ACEI = angiotensin-converting enzyme inhibitors; AHF = acute heart failure; ARB = angiotensin receptor blockers; CHF = congestive heart failure; eGFR = estimated glomerular filtration rate; HFpEF = heart failure with preserved ejection fraction; LVEF = left ventricular ejection fraction; NA = not applicable; RAASI = renin–angiotensin–aldosterone system inhibitors.

Table 2:

Selected Contraindications of Medical Treatment of Chronic Stable HFrEF Elderly Patients

ACEI/ARB	ARNI	β-Blocker	MRA	SGLT2I
Contraindications: Previous angioedema Bilateral renal artery stenosis SBP <90 mmHg Severe hyperkalaemia (K+ >5.5 mmol/l)
Contraindications: SBP <100 mmHg eGFR <30 ml/min/1.73 m2 Previous angioedema
Contraindications/precautions: HR <60 BPM SBP <100 mmHg Signs of peripheral hypoperfusion PR interval >0.24 s Second- or third-degree atrioventricular block Severe COPD/history of asthma Severe peripheral vascular disease
Contraindications: K+ >5.5 mmol/l or eGFR <30 ml/min/1.73 m2
Contraindications: eGFR <20 (30)* ml/min/1.72 m2

*For dapagliflozin.
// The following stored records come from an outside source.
definition reduces_to_short :: "(nat \<Rightarrow> 'a monoid) \<Rightarrow> 'a letter list \<Rightarrow> bool" where
  "reduces_to_short G xs \<longleftrightarrow>
     fp_eq G xs [] \<or> (\<exists>i. \<exists>a \<in> carrier (G i). a \<noteq> \<one>\<^bsub>G i\<^esub> \<and> fp_eq G xs [(i, a)])"

lemma reduces_to_short_fp_eq: "fp_eq G xs ys \<Longrightarrow> reduces_to_short G ys \<Longrightarrow> reduces_to_short G xs"
  unfolding reduces_to_short_def by (meson fp_eq_trans)

context
  fixes G :: "nat \<Rightarrow> 'a monoid"
  assumes grp: "\<And>n. group (G n)"
begin

lemma is_letter_letter_inv: "is_letter G l \<Longrightarrow> is_letter G (letter_inv G l)"
  using group.inv_closed[OF grp] group.inv_eq_1_iff[OF grp]
  by (auto simp: is_letter_def letter_inv_def)

lemma valid_word_inv: "valid_word G w \<Longrightarrow> valid_word G (word_inv G w)"
  by (auto simp: valid_word_def word_inv_def is_letter_letter_inv)

lemma word_inv_word_inv: "valid_word G w \<Longrightarrow> word_inv G (word_inv G w) = w"
  by (induction w) (auto simp: letter_inv_def is_letter_def group.inv_inv[OF grp])

lemma fp_eq_word_inv_right: "valid_word G w \<Longrightarrow> fp_eq G (w @ word_inv G w) []"
proof (induction w)
  case (Cons l w)
  then have "fp_eq G ([l] @ (w @ word_inv G w) @ [letter_inv G l]) ([l] @ [] @ [letter_inv G l])"
    by (intro fp_eq_in_context) auto
  moreover have "fp_eq G [l, letter_inv G l] []"
    using Cons.prems
    by (cases l) (auto simp: letter_inv_def is_letter_def group.r_inv[OF grp] intro: fp_eq_cancel_pair)
  ultimately show ?case by (simp, meson fp_eq_trans)
qed simp

lemma fp_eq_word_inv_left: "valid_word G w \<Longrightarrow> fp_eq G (word_inv G w @ w) []"
  using fp_eq_word_inv_right[OF valid_word_inv] word_inv_word_inv by metis

lemma fp_eq_cancel_middle: "valid_word G u \<Longrightarrow> fp_eq G (a @ u @ word_inv G u @ b) (a @ b)"
  using fp_eq_in_context[OF fp_eq_word_inv_right, of u a b] by simp

lemma fp_eq_cancel_middle': "valid_word G u \<Longrightarrow> fp_eq G (a @ word_inv G u @ u @ b) (a @ b)"
  using fp_eq_in_context[OF fp_eq_word_inv_left, of u a b] by simp

lemma fp_eq_word_inv:
  assumes "valid_word G p" "valid_word G q" "fp_eq G p q"
  shows "fp_eq G (word_inv G p) (word_inv G q)"
proof -
  have "fp_eq G (word_inv G p) (word_inv G p @ q @ word_inv G q)"
    using fp_eq_cancel_middle[OF assms(2), of "word_inv G p" "[]"] by (simp add: fp_eq_sym)
  also have "fp_eq G \<dots> (word_inv G p @ p @ word_inv G q)"
    using fp_eq_in_context[OF fp_eq_sym[OF assms(3)]] .
  also have "fp_eq G \<dots> (word_inv G q)"
    using fp_eq_cancel_middle'[OF assms(1), of "[]"] by simp
  finally show ?thesis .
qed

lemma fp_eq_conj_Nil_iff:
  assumes "valid_word G u"
  shows "fp_eq G (word_inv G u @ x @ u) [] \<longleftrightarrow> fp_eq G x []"
proof
  assume conj: "fp_eq G (word_inv G u @ x @ u) []"
  have "fp_eq G x (x @ u @ word_inv G u)"
    using fp_eq_cancel_middle[OF assms, of x "[]"] by (simp add: fp_eq_sym)
  also have "fp_eq G \<dots> (u @ word_inv G u @ x @ u @ word_inv G u)"
    using fp_eq_cancel_middle[OF assms, of "[]" "x @ u @ word_inv G u"] by (simp add: fp_eq_sym)
  also have "fp_eq G \<dots> (u @ [] @ word_inv G u)"
    using fp_eq_in_context[OF conj, of u "word_inv G u"] by simp
  also have "fp_eq G \<dots> []"
    using fp_eq_word_inv_right[OF assms] by simp
  finally show "fp_eq G x []" .
next
  assume "fp_eq G x []"
  then have "fp_eq G (word_inv G u @ x @ u) (word_inv G u @ [] @ u)"
    by (rule fp_eq_in_context)
  also have "fp_eq G \<dots> []"
    using fp_eq_word_inv_left[OF assms] by simp
  finally show "fp_eq G (word_inv G u @ x @ u) []" .
qed

lemma fp_eq_word_inv_if_append_Nil:
  assumes "valid_word G b" "fp_eq G (a @ b) []"
  shows "fp_eq G a (word_inv G b)"
proof -
  have "fp_eq G a (a @ b @ word_inv G b)"
    using fp_eq_cancel_middle[OF assms(1), of a "[]"] by (simp add: fp_eq_sym)
  also have "fp_eq G \<dots> ([] @ word_inv G b)"
    using fp_eq_append_right[OF assms(2), of "word_inv G b"] by simp
  finally show ?thesis by simp
qed

lemma fp_eq_conj_by_prefix:
  assumes "valid_word G p" "valid_word G u" "valid_word G c"
    and "fp_eq G p (u @ c)" "fp_eq G w (u @ x @ word_inv G u)"
  shows "fp_eq G (word_inv G p @ w @ p) (word_inv G c @ x @ c)"
proof -
  have "fp_eq G (word_inv G p) (word_inv G c @ word_inv G u)"
    using fp_eq_word_inv[OF assms(1) _ assms(4)] assms(2,3) by simp
  then have "fp_eq G (word_inv G p @ w @ p)
      ((word_inv G c @ word_inv G u) @ (u @ x @ word_inv G u) @ (u @ c))"
    using assms(4,5) by (intro fp_eq_append)
  also have "fp_eq G \<dots> (word_inv G c @ x @ word_inv G u @ u @ c)"
    using fp_eq_cancel_middle'[OF assms(2), of "word_inv G c" "x @ word_inv G u @ u @ c"] by simp
  also have "fp_eq G \<dots> (word_inv G c @ x @ c)"
    using fp_eq_cancel_middle'[OF assms(2), of "word_inv G c @ x" c] by simp
  finally show ?thesis .
qed

lemma reduces_to_short_single_index:
  assumes "valid_word G xs" "\<forall>l \<in> set xs. fst l = i"
  shows "reduces_to_short G xs"
proof -
  have "fp_eq G xs [] \<or> (\<exists>a \<in> carrier (G i). a \<noteq> \<one>\<^bsub>G i\<^esub> \<and> fp_eq G xs [(i, a)])"
    using assms
  proof (induction xs rule: rev_induct)
    case (snoc l xs)
    obtain y where l: "l = (i, y)" and y: "y \<in> carrier (G i)" "y \<noteq> \<one>\<^bsub>G i\<^esub>"
      using snoc.prems by (cases l) (auto simp: is_letter_def)
    from snoc have "fp_eq G xs [] \<or> (\<exists>a \<in> carrier (G i). a \<noteq> \<one>\<^bsub>G i\<^esub> \<and> fp_eq G xs [(i, a)])"
      by auto
    then show ?case
    proof (elim disjE bexE conjE)
      assume "fp_eq G xs []"
      then show ?thesis using fp_eq_append_right[of G xs "[]" "[l]"] l y by auto
    next
      fix a assume a: "a \<in> carrier (G i)" "fp_eq G xs [(i, a)]"
      then have xs: "fp_eq G (xs @ [l]) [(i, a), (i, y)]"
        using fp_eq_append_right[OF a(2), of "[l]"] l by simp
      have "a \<otimes>\<^bsub>G i\<^esub> y \<in> carrier (G i)"
        using a(1) y(1) monoid.m_closed[OF group.is_monoid[OF grp]] by blast
      then show ?thesis
        using fp_eq_trans[OF xs fp_eq_cancel_pair[of G i a y]]
          fp_eq_trans[OF xs fp_eq_merge_pair[of G i a y]] by blast
    qed
  qed simp
  then show ?thesis unfolding reduces_to_short_def by blast
qed

end

text \<open>The word of such a list of syllables has the form u c u\<inverse> with u the word of B.\<close>

definition conjugate_syllables :: "(nat \<Rightarrow> 'a monoid) \<Rightarrow> 'a syllables \<Rightarrow> bool" where
  "conjugate_syllables G T \<longleftrightarrow> T = [] \<or> (\<exists>Tt i c B. T = Tt @ [(i, c)] @ B
     \<and> fp_eq G (syllables_word Tt) (word_inv G (syllables_word B)))"

lemma fold_push_letter_reaches_suffix:
  assumes "fold (push_letter G) w [] = pre @ (i, c) # B"
  shows "\<exists>j \<le> length w. \<exists>c'. fold (push_letter G) (take j w) [] = (i, c') # B"
  using assms
proof (induction w arbitrary: pre c rule: rev_induct)
  case (snoc l w)
  show ?case
  proof (cases "\<exists>pre' c'. fold (push_letter G) w [] = pre' @ (i, c') # B")
    case True
    then obtain j c' where "j \<le> length w" "fold (push_letter G) (take j w) [] = (i, c') # B"
      using snoc.IH by blast
    then show ?thesis
      by (intro exI[of _ j]) auto
  next
    case False
    then obtain c' where "push_letter G l (fold (push_letter G) w []) = (i, c') # B"
      using push_letter_suffix[of G l "fold (push_letter G) w []"] snoc.prems by auto
    then show ?thesis
      by (intro exI[of _ "length (w @ [l])"]) auto
  qed
qed simp

context
  fixes G :: "nat \<Rightarrow> 'a monoid"
  assumes grp: "\<And>n. group (G n)"
begin

lemma torsion_of_conjugate:
  assumes "valid_word G b" "fp_eq G (a @ b) []" "k > 0"
    and "fp_eq G (word_pow k (b @ m @ a)) []"
  shows "fp_eq G (word_pow k m) []"
proof -
  have "fp_eq G (word_pow k (b @ m @ a)) (word_pow k (b @ m @ word_inv G b))"
    using fp_eq_word_inv_if_append_Nil[OF grp assms(1,2)] by (intro fp_eq_word_pow fp_eq_append_left)
  also have "fp_eq G \<dots> (b @ word_pow k m @ word_inv G b)"
    using fp_eq_word_pow_conj[OF fp_eq_word_inv_left[OF grp assms(1)] assms(3)] .
  finally have "fp_eq G (b @ word_pow k m @ word_inv G b) []"
    using fp_eq_iff_left assms(4) by blast
  then have "fp_eq G (word_inv G (word_inv G b) @ word_pow k m @ word_inv G b) []"
    using word_inv_word_inv[OF grp assms(1)] by simp
  then show ?thesis
    using fp_eq_conj_Nil_iff[OF grp valid_word_inv[OF grp assms(1)]] by blast
qed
ACEI = angiotensin-converting enzyme inhibitors; ARB = angiotensin receptor blockers; ARNI = angiotensin receptor–neprilysin inhibitor; COPD = chronic obstructive pulmonary disease; eGFR = estimated glomerular filtration rate; HFrEF = heart failure with reduced ejection fraction; HR = heart rate; MRA = mineralocorticoid receptor antagonist; SBP = systolic blood pressure; SGLT2I = sodium–glucose cotransporter 2 inhibitors.